O rebuliço e a agitação do Verão fizeram-me esquecer que cá dentro estava algo que doía, que estava ferido. Nessa euforia subi sozinha à montanha, literalmente. Quando lá cheguei dancei, cantei e celebrei o meu ser nesse lugar onde me pude reconectar, longe de todos os que até ali tinham sido um apoio e, perto de outros que, mesmo sendo desconhecidos e distantes, quis chamar de minha tribo, pelo menos durante aqueles dias sentia que muitas daquelas pessoas estavam alinhadas com os meus sonhos e desejos mais profundos, com algo maior e cósmico que estava ali a acontecer. Quando voltei vi que tinha um mundo imenso à minha frente e que as oportunidades eram tantas que nem sabia por onde começar. 

Retomei a casa com a pele aquecida pelo sol, com as mágoas que a água do mar tentou lavar numa ou outra tarde de Verão. Renasci de uma Primavera onde hibernei em vez de florir. Devagarinho, o Outono obrigou-me a ganhar consciência da densidade dos dias, mais pequenos, mais escuros, mais frios, altura em que mudei as coisas de sítio, pintei paredes de lavado, deitei fora o que já não tinha mais lugar no local onde estamos. E nesse recolhimento fui observando que havia na escuridão uma imensidão de pequenas luzes a mostrarem-me que nada tinha sido deixado ao acaso e que a vida era tão mais sábia em mostrar-me que o que eu tinha de fazer era apenas confiar. 

As verdadeiras amizades chegaram, nem sempre no momento que parecia ser o certo, muitas estavam longe, algumas não vieram e eu também não fui. Outras procurei, acenei mas senti que tomavam o seu rumo, confusas e baralhadas com tudo o que estava acontecer, dessas protegi-me. Outras senti que estavam há tanto tempo à espera de um abraço meu que tardou em chegar. Outras não saíram do lugar onde as guardo e outras ainda que vou encontrando por estes dias de Inverno em que o sol volta aos poucos a ganhar força.
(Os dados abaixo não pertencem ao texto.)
(* Let $1\le k\le n+1$ and $\underline d=(d_1,\dots,d_k)$ with $2\le d_1\le\dots\le d_k$. Then $N(\underline d,n)>1$ unless $\underline d=(2)$.
   Context: For a homogeneous complex polynomial $f$ in $x_0,\dots,x_n$ and $x\in\mathbb C^{n+1}$ write $df|_x=(\partial f/\partial x_0(x),\dots,\partial f/\partial x_n(x))^T$. Let $\Pi_{\underline d,n}$ be the space of $k$-tuples of homogeneous complex polynomials in $x_0,\dots,x_n$ of degrees $d_1,\dots,d_k$, and $\Sigma_{\underline d,n}$ the set of tuples for which there is $x\in\mathbb C^{n+1}\setminus\{0\}$ with all $f_i(x)=0$ and the gradients $df_i|_x$ linearly dependent. Let $\mathbf W_{k,n}=\{(A,x)\in\mathrm{Mat}_{n+1,k}(\mathbb C)\times\mathbb C^{n+1}:\operatorname{rk}A<k,\ x^TA=0\}$. For $(f^0_1,\dots,f^0_k)\in\Pi_{\underline d,n}\setminus\Sigma_{\underline d,n}$ let $F(x)=(df^0_1|_x,\dots,df^0_k|_x,x)$; then $F^{-1}(\mathbf W_{k,n})=\{0\}$ and $N(\underline d,n)$ is the intersection multiplicity of $F(\mathbb C^{n+1})$ and $\mathbf W_{k,n}$ at $0$, equivalently $\dim_{\mathbb C}\mathbb C[x_0,\dots,x_n]/F^*(I(\mathbf W_{k,n}))$; it is independent of the choice of $(f^0_i)$. *)

theory Defs
  imports Complex_Main "HOL-Library.Poly_Mapping" "HOL-Library.Extended_Nat"
begin

text \<open>Multivariate complex polynomials in variables indexed by type 'v:
  finitely supported maps from monomials (exponent vectors 'v =>0 nat) to coefficients.\<close>

type_synonym 'v mpoly = "('v \<Rightarrow>\<^sub>0 nat) \<Rightarrow>\<^sub>0 complex"

definition mconst :: "complex \<Rightarrow> 'v mpoly" where
  "mconst c = Poly_Mapping.single 0 c"

definition mvar :: "'v \<Rightarrow> 'v mpoly" where
  "mvar i = Poly_Mapping.single (Poly_Mapping.single i 1) 1"

definition mvars :: "'v mpoly \<Rightarrow> 'v set" where
  "mvars p = (\<Union>m\<in>Poly_Mapping.keys p. Poly_Mapping.keys (m :: 'v \<Rightarrow>\<^sub>0 nat))"

definition mon_deg :: "('v \<Rightarrow>\<^sub>0 nat) \<Rightarrow> nat" where
  "mon_deg m = (\<Sum>i\<in>Poly_Mapping.keys m. Poly_Mapping.lookup m i)"

definition homogeneous :: "nat \<Rightarrow> 'v mpoly \<Rightarrow> bool" where
  "homogeneous d p \<longleftrightarrow> (\<forall>m\<in>Poly_Mapping.keys p. mon_deg m = d)"

definition meval :: "('v \<Rightarrow> complex) \<Rightarrow> 'v mpoly \<Rightarrow> complex" where
  "meval a p = (\<Sum>m\<in>Poly_Mapping.keys p. Poly_Mapping.lookup p m * (\<Prod>i\<in>Poly_Mapping.keys m. a i ^ Poly_Mapping.lookup m i))"

definition msubst :: "('v \<Rightarrow> 'w mpoly) \<Rightarrow> 'v mpoly \<Rightarrow> 'w mpoly" where
  "msubst \<sigma> p = (\<Sum>m\<in>Poly_Mapping.keys p. mconst (Poly_Mapping.lookup p m) * (\<Prod>i\<in>Poly_Mapping.keys m. \<sigma> i ^ Poly_Mapping.lookup m i))"

definition mpderiv :: "'v \<Rightarrow> 'v mpoly \<Rightarrow> 'v mpoly" where
  "mpderiv i p = (\<Sum>m\<in>Poly_Mapping.keys p.
     Poly_Mapping.single (m - Poly_Mapping.single i 1) (of_nat (Poly_Mapping.lookup m i) * Poly_Mapping.lookup p m))"

definition polyring :: "'v set \<Rightarrow> 'v mpoly set" where
  "polyring V = {p. mvars p \<subseteq> V}"

definition gen_ideal :: "'v set \<Rightarrow> 'v mpoly set \<Rightarrow> 'v mpoly set" where
  "gen_ideal V G = {q. \<exists>S c. finite S \<and> S \<subseteq> G \<and> (\<forall>g\<in>S. c g \<in> polyring V)
                          \<and> q = (\<Sum>g\<in>S. c g * g)}"

text \<open>Dimension over C of the quotient C[x_v | v in V] / J: the least size of a finite
  subset B of the ring whose C-span together with J is the whole ring (infinity if none).\<close>
definition spans_mod :: "'v set \<Rightarrow> 'v mpoly set \<Rightarrow> 'v mpoly set \<Rightarrow> bool" where
  "spans_mod V J B \<longleftrightarrow> (\<forall>p\<in>polyring V. \<exists>c. p - (\<Sum>b\<in>B. mconst (c b) * b) \<in> J)"

definition quot_dim :: "'v set \<Rightarrow> 'v mpoly set \<Rightarrow> enat" where
  "quot_dim V J =
     (if \<exists>B. finite B \<and> B \<subseteq> polyring V \<and> spans_mod V J B
      then enat (LEAST n. \<exists>B. finite B \<and> B \<subseteq> polyring V \<and> spans_mod V J B \<and> card B = n)
      else \<infinity>)"

text \<open>Coordinates on Mat_{n+1,k}(C) x C^{n+1}: Inl (i,j) is the matrix entry A_{ij}
  (0 <= i <= n, 0 <= j < k), Inr i is the coordinate x_i (0 <= i <= n).\<close>
definition W_vars :: "nat \<Rightarrow> nat \<Rightarrow> ((nat \<times> nat) + nat) set" where
  "W_vars k n = Inl ` ({..n} \<times> {..<k}) \<union> Inr ` {..n}"

text \<open>The variety W_{k,n} = {(A,x) : rk A < k, x^T A = 0}; rk A < k means that the k
  columns of A are linearly dependent.\<close>
definition in_W :: "nat \<Rightarrow> nat \<Rightarrow> ((nat \<times> nat) + nat \<Rightarrow> complex) \<Rightarrow> bool" where
  "in_W k n a \<longleftrightarrow>
     (\<exists>c :: nat \<Rightarrow> complex. (\<exists>j<k. c j \<noteq> 0) \<and>
        (\<forall>i\<le>n. (\<Sum>j<k. a (Inl (i, j)) * c j) = 0)) \<and>
     (\<forall>j<k. (\<Sum>i\<le>n. a (Inr i) * a (Inl (i, j))) = 0)"

definition I_W :: "nat \<Rightarrow> nat \<Rightarrow> ((nat \<times> nat) + nat) mpoly set" where
  "I_W k n = {p \<in> polyring (W_vars k n). \<forall>a. in_W k n a \<longrightarrow> meval a p = 0}"

text \<open>The map F(x) = (df_1|_x, ..., df_k|_x, x) as a polynomial map: column j of the
  matrix is the gradient of f_j.\<close>
definition F_map :: "(nat \<Rightarrow> nat mpoly) \<Rightarrow> (nat \<times> nat) + nat \<Rightarrow> nat mpoly" where
  "F_map f v = (case v of Inl (i, j) \<Rightarrow> mpderiv i (f j) | Inr i \<Rightarrow> mvar i)"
Com esta descida ao meu submundo, regressei, com arranhões, com mazelas, com cabelos brancos, mas mais sábia, mais empática para com o mundo à minha volta, mais corajosa, deixando para trás um diagnóstico que me fizeram crer existir, procurando e talhando caminhos alternativos e que levam mais tempo a obter resultados. Aprendi que, por vezes também temos de recorrer a químicos e que, neste mundo de corre corre, onde não há sequer tempo para a doença se revelar como o principio da cura, onde o importante é sermos saudáveis, luminosos, produtivos, esta é uma medicina tão importante como todas as outras nas quais eu verdadeiramente acredito, como a homeopatia, a acupuntura, a medicina antroposófica e tantas outras que me ajudam nesta minha descoberta, contudo os químicos não deixam muito espaço para a catarse tantas vezes útil e necessária nas nossas vidas. Também procurei rezos, orações, mantras e tudo o que mais houvesse para me voltar a encontrar, lembrando que não quero mais mascarar feridas e que é nesta vulnerabilidade que me redescubro, é nesta entrega profunda e nesta mostra de mim que me aproximo mais de mim e dos outros. 

E é assim que aos poucos volto a reconstruir, não o castelo em que vivia, mas um nova realidade onde semeio intenções com o coração mais puro e lavado. Para que o meu bem, seja o bem de todos, sendo esse o meu mais profundo desejo para 2018.